RMIT Careers and Employability Services: Students receive personalised career support through resume workshops, interview preparation, employer networking events, and access to graduate recruitment programs across engineering and pharmaceutical industries.
Industry-Integrated Learning (Work-Integrated Learning): The program includes practical industry engagement through internships, project-based learning, and professional placements with pharmaceutical, biotechnology, and chemical manufacturing organisations.
Strong Industry Partnerships: RMIT maintains collaborations with industry across pharmaceuticals, healthcare manufacturing, chemical processing, biotechnology, and advanced materials sectors, enabling real-world learning and employment pathways.
Professional Accreditation Value: The engineering component is accredited by Engineers Australia, providing international recognition and eligibility for professional engineer status through global accreditation agreements.
Pharmaceutical Industry Alignment: The pharmaceutical sciences component aligns with industry standards in drug development, formulation, regulatory processes, and large-scale pharmaceutical manufacturing.
Graduate Employment Outcomes: RMIT graduates are highly regarded for their practical, industry-ready skills, with strong employment outcomes in engineering, pharmaceutical production, biotechnology, and healthcare industries.
Median Salary: Graduates in chemical engineering and pharmaceutical-related engineering fields in Australia typically earn a median starting salary of approximately AUD $85,000–$105,000, with higher earning potential in pharmaceuticals, biotechnology, and advanced manufacturing sectors.
Global Career Opportunities: Graduates can pursue careers with multinational pharmaceutical companies, biotechnology firms, healthcare manufacturers, and chemical process industries worldwide.
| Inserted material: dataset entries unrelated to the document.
(* Let $G=(V,E)$ be a graph on $n$ vertices $v_1,\dots,v_n$ and let $k$ be a positive integer. Let $v\in V$ be such that its neighbourhood $N(v)$ induces a clique of size at most $k-2$. For any choice of positive parameters $(p_1,\dots,p_n)$, the Glauber dynamics $\mathcal{L}_V$ for $k$-colourings of $G$ and the Glauber dynamics $\mathcal{L}_{V\setminus\{v\}}$ for $k$-colourings of $G-v$ (the subgraph induced by $V\setminus\{v\}$), defined with the same parameters, satisfy $\tau(\mathcal{L}_{V\setminus\{v\}})\leq\tau(\mathcal{L}_V)$.
   Context: The continuous-time Glauber dynamics for proper $k$-vertex-colourings of a graph with parameters $(p_i)$ is the chain on the set of proper colourings with rate $p_i$ from $\sigma$ to $\eta$ whenever $\sigma,\eta$ differ exactly at vertex $v_i$, and rate $0$ otherwise. The relaxation time is $\tau=1/\mathrm{Gap}$, where $\mathrm{Gap}$ is the second smallest eigenvalue of minus the generator. *)

theory Defs
  imports "Jordan_Normal_Form.Char_Poly" "HOL-Computational_Algebra.Polynomial_Factorial"
    "HOL-Library.Extended_Real"
begin

(* Graphs: vertex set W :: nat set, symmetric irreflexive edge relation E.
   Vertex v_i is the natural number i; the graph G has vertex set {0..<n}. *)

definition proper_colourings :: "(nat \<Rightarrow> nat \<Rightarrow> bool) \<Rightarrow> nat set \<Rightarrow> nat \<Rightarrow> (nat \<Rightarrow> nat) set" where
  "proper_colourings E W k =
     {\<sigma>. (\<forall>x\<in>W. \<sigma> x < k) \<and> (\<forall>x. x \<notin> W \<longrightarrow> \<sigma> x = 0)
          \<and> (\<forall>x\<in>W. \<forall>y\<in>W. E x y \<longrightarrow> \<sigma> x \<noteq> \<sigma> y)}"

definition glauber_rate :: "(nat \<Rightarrow> real) \<Rightarrow> nat set \<Rightarrow> (nat \<Rightarrow> nat) \<Rightarrow> (nat \<Rightarrow> nat) \<Rightarrow> real" where
  "glauber_rate p W \<sigma> \<eta> =
     (if \<exists>x\<in>W. {y. \<sigma> y \<noteq> \<eta> y} = {x} then p (THE x. {y. \<sigma> y \<noteq> \<eta> y} = {x}) else 0)"

definition glauber_generator :: "(nat \<Rightarrow> nat \<Rightarrow> bool) \<Rightarrow> nat set \<Rightarrow> nat \<Rightarrow> (nat \<Rightarrow> real)
     \<Rightarrow> (nat \<Rightarrow> nat) \<Rightarrow> (nat \<Rightarrow> nat) \<Rightarrow> real" where
  "glauber_generator E W k p \<sigma> \<eta> =
     (if \<sigma> = \<eta> then - (\<Sum>\<zeta>\<in>proper_colourings E W k - {\<sigma>}. glauber_rate p W \<sigma> \<zeta>)
      else glauber_rate p W \<sigma> \<eta>)"

definition state_list :: "(nat \<Rightarrow> nat \<Rightarrow> bool) \<Rightarrow> nat set \<Rightarrow> nat \<Rightarrow> (nat \<Rightarrow> nat) list" where
  "state_list E W k = (SOME xs. distinct xs \<and> set xs = proper_colourings E W k)"

definition minus_generator_mat :: "(nat \<Rightarrow> nat \<Rightarrow> bool) \<Rightarrow> nat set \<Rightarrow> nat \<Rightarrow> (nat \<Rightarrow> real) \<Rightarrow> real mat" where
  "minus_generator_mat E W k p =
     (let xs = state_list E W k
      in mat (length xs) (length xs) (\<lambda>(i, j). - glauber_generator E W k p (xs ! i) (xs ! j)))"

(* eigenvalues with multiplicity, in increasing order
   (the matrix is real symmetric, so all roots of its characteristic polynomial are real) *)
definition sorted_eigenvalues :: "real mat \<Rightarrow> real list" where
  "sorted_eigenvalues A = sorted_list_of_multiset (proots (char_poly A))"

definition glauber_gap :: "(nat \<Rightarrow> nat \<Rightarrow> bool) \<Rightarrow> nat set \<Rightarrow> nat \<Rightarrow> (nat \<Rightarrow> real) \<Rightarrow> real" where
  "glauber_gap E W k p = sorted_eigenvalues (minus_generator_mat E W k p) ! 1"

definition relaxation_time :: "(nat \<Rightarrow> nat \<Rightarrow> bool) \<Rightarrow> nat set \<Rightarrow> nat \<Rightarrow> (nat \<Rightarrow> real) \<Rightarrow> ereal" where
  "relaxation_time E W k p =
     (if card (proper_colourings E W k) < 2 then 0
      else if glauber_gap E W k p = 0 then \<infinity>
      else ereal (1 / glauber_gap E W k p))"

definition neighbourhood :: "(nat \<Rightarrow> nat \<Rightarrow> bool) \<Rightarrow> nat set \<Rightarrow> nat \<Rightarrow> nat set" where
  "neighbourhood E W v = {u\<in>W. E v u}"

definition is_clique :: "(nat \<Rightarrow> nat \<Rightarrow> bool) \<Rightarrow> nat set \<Rightarrow> bool" where
  "is_clique E C = (\<forall>a\<in>C. \<forall>b\<in>C. a \<noteq> b \<longrightarrow> E a b)"

end

theory Submission
  imports Defs "Jordan_Normal_Form.Schur_Decomposition"
begin

(* Minus the generator is a real symmetric positive semidefinite matrix whose
   quadratic form is the Dirichlet form D(h) = 1/2 \<Sum> r(\<sigma>,\<eta>) (h \<sigma> - h \<eta>)^2 and which kills
   the constant vector; by the spectral theorem its second smallest eigenvalue is the minimum of
   D(h) / \<Sum> h^2 over h orthogonal to the constants.  Take an optimal h for G - v and lift it
   to F = h \<circ> (forget the colour of v).  Because N(v) is a clique, every colouring of G - v has
   exactly c = k - |N(v)| > 0 extensions, so F is again orthogonal to the constants and
   \<Sum> F^2 = c \<Sum> h^2.  A move of the larger chain either recolours v, which costs nothing in
   D(F), or recolours some other vertex, and then it projects to a move of the smaller chain
   with the same rate; hence D(F) <= c D(h) and Gap(G) <= Gap(G - v). *)

section \<open>Orthogonal diagonalisation of real symmetric matrices\<close>

lemma real_symmetric_hermitian_form_real:
  fixes A :: "real mat" and w :: "complex vec"
  assumes A: "A \<in> carrier_mat n n" and sym: "transpose_mat A = A"
  defines "s \<equiv> \<Sum>i<n. cnj (w $ i) * (\<Sum>j<n. of_real (A $$ (i, j)) * w $ j)"
  shows "cnj s = s"
proof -
  have symA: "A $$ (i, j) = A $$ (j, i)" if "i < n" "j < n" for i j
    using sym that A by (metis carrier_matD index_transpose_mat(1))
  have "cnj s = (\<Sum>i<n. \<Sum>j<n. w $ i * of_real (A $$ (i, j)) * cnj (w $ j))"
    unfolding s_def by (simp add: sum_distrib_left mult.assoc)
  also have "\<dots> = (\<Sum>j<n. \<Sum>i<n. w $ i * of_real (A $$ (i, j)) * cnj (w $ j))"
    by (rule sum.swap)
  also have "\<dots> = s"
    unfolding s_def sum_distrib_left
    by (intro sum.cong refl) (simp add: symA mult.commute mult.left_commute)
  finally show ?thesis .
qed
lemma first_zero_point:
  fixes m :: "real \<Rightarrow> real"
  assumes cont: "continuous_on {a..T} m" and "m a > 0" and "\<exists>t\<in>{a..T}. m t \<le> 0"
  obtains b where "a < b" "b \<le> T" "m b = 0" "\<forall>x\<in>{a..<b}. m x > 0"
proof -
  define Z where "Z = {a..T} \<inter> m -` {..0}"
  have "closed Z" unfolding Z_def
    by (intro continuous_closed_preimage cont) auto
  moreover have "Z \<noteq> {}" "bdd_below Z" using assms(3) by (auto simp: Z_def)
  ultimately have bZ: "Inf Z \<in> Z" by (rule closed_contains_Inf[rotated 2])
  have below: "m x > 0" if "x \<in> {a..<Inf Z}" for x
    using that bZ cInf_lower[OF _ \<open>bdd_below Z\<close>, of x] by (force simp: Z_def)
  have "a \<noteq> Inf Z" using bZ \<open>m a > 0\<close> by (auto simp: Z_def)
  then have "a < Inf Z" using bZ by (auto simp: Z_def)
  have "continuous_on {a..Inf Z} m"
    using bZ by (auto simp: Z_def intro: continuous_on_subset[OF cont])
  then obtain z where z: "a \<le> z" "z \<le> Inf Z" "m z = 0"
    using IVT2'[of m "Inf Z" 0 a] bZ \<open>m a > 0\<close> by (auto simp: Z_def)
  then have "z = Inf Z" using below[of z] by force
  then show ?thesis using that \<open>a < Inf Z\<close> z bZ below by (auto simp: Z_def)
qed

lemma foi_nonneg:
  assumes "0 \<le> b1" "0 \<le> b2" "u \<le> 1" "0 \<le> s" "0 \<le> i" "0 \<le> j"
  shows "0 \<le> foi b1 b2 u s i j"
  using assms by (simp add: foi_def)

lemma foi_le:
  assumes "0 \<le> b1" "0 \<le> b2" "0 \<le> u" "u \<le> 1" "0 \<le> s" "0 \<le> i" "0 \<le> j"
  shows "foi b1 b2 u s i j \<le> s * (b1 * i + b2 * j)"
proof -
  have "(1 - u)\<^sup>2 \<le> 1" using assms by (intro power_le_one) auto
  then have "(1 - u)\<^sup>2 * i \<le> i" "(1 - u) * j \<le> j"
    using assms by (auto intro: mult_left_le_one_le)
  then have "b1 * (1 - u)\<^sup>2 * i + b2 * (1 - u) * j \<le> b1 * i + b2 * j"
    using assms by (simp add: mult.assoc add_mono mult_left_mono)
  then show ?thesis unfolding foi_def using assms by (intro mult_left_mono) auto
qed

lemma foi_le_linear:
  fixes a b :: real
  assumes "0 \<le> b1" "0 \<le> b2" "a \<le> b" "continuous_on {a..b} i" "continuous_on {a..b} j"
    and nonneg: "\<forall>x\<in>{a..b}. 0 \<le> u x \<and> u x \<le> 1 \<and> 0 \<le> s x \<and> 0 \<le> i x \<and> 0 \<le> j x"
  obtains M where "0 \<le> M" "\<forall>x\<in>{a..b}. foi b1 b2 (u x) (s x) (i x) (j x) \<le> M * s x"
proof -
  have "continuous_on {a..b} (\<lambda>x. b1 * i x + b2 * j x)"
    using assms by (intro continuous_on_add continuous_on_mult_left)
  moreover have "{a..b} \<noteq> {}" using \<open>a \<le> b\<close> by simp
  ultimately obtain c where c: "c \<in> {a..b}"
    and max: "\<forall>x\<in>{a..b}. b1 * i x + b2 * j x \<le> b1 * i c + b2 * j c"
    using continuous_attains_sup[OF compact_Icc] by blast
  have "foi b1 b2 (u x) (s x) (i x) (j x) \<le> (b1 * i c + b2 * j c) * s x" if "x \<in> {a..b}" for x
  proof -
    have "foi b1 b2 (u x) (s x) (i x) (j x) \<le> s x * (b1 * i x + b2 * j x)"
      using assms that by (intro foi_le) auto
    also have "\<dots> \<le> s x * (b1 * i c + b2 * j c)"
      using max nonneg that by (intro mult_left_mono) auto
    finally show ?thesis by (simp add: mult.commute)
  qed
  moreover have "0 \<le> b1 * i c + b2 * j c" using assms c by simp
  ultimately show ?thesis using that by blast
qed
Further Academic Progression:

After completing this dual degree, graduates may pursue advanced study such as a Master of Engineering, Master of Biotechnology, Master of Pharmaceutical Science, or Master of Medical Physics depending on career direction. Students can also progress into a PhD in Chemical Engineering, Pharmaceutical Sciences, or Biotechnology, focusing on drug development, bioprocess engineering, advanced therapeutics, or industrial pharmaceutical innovation.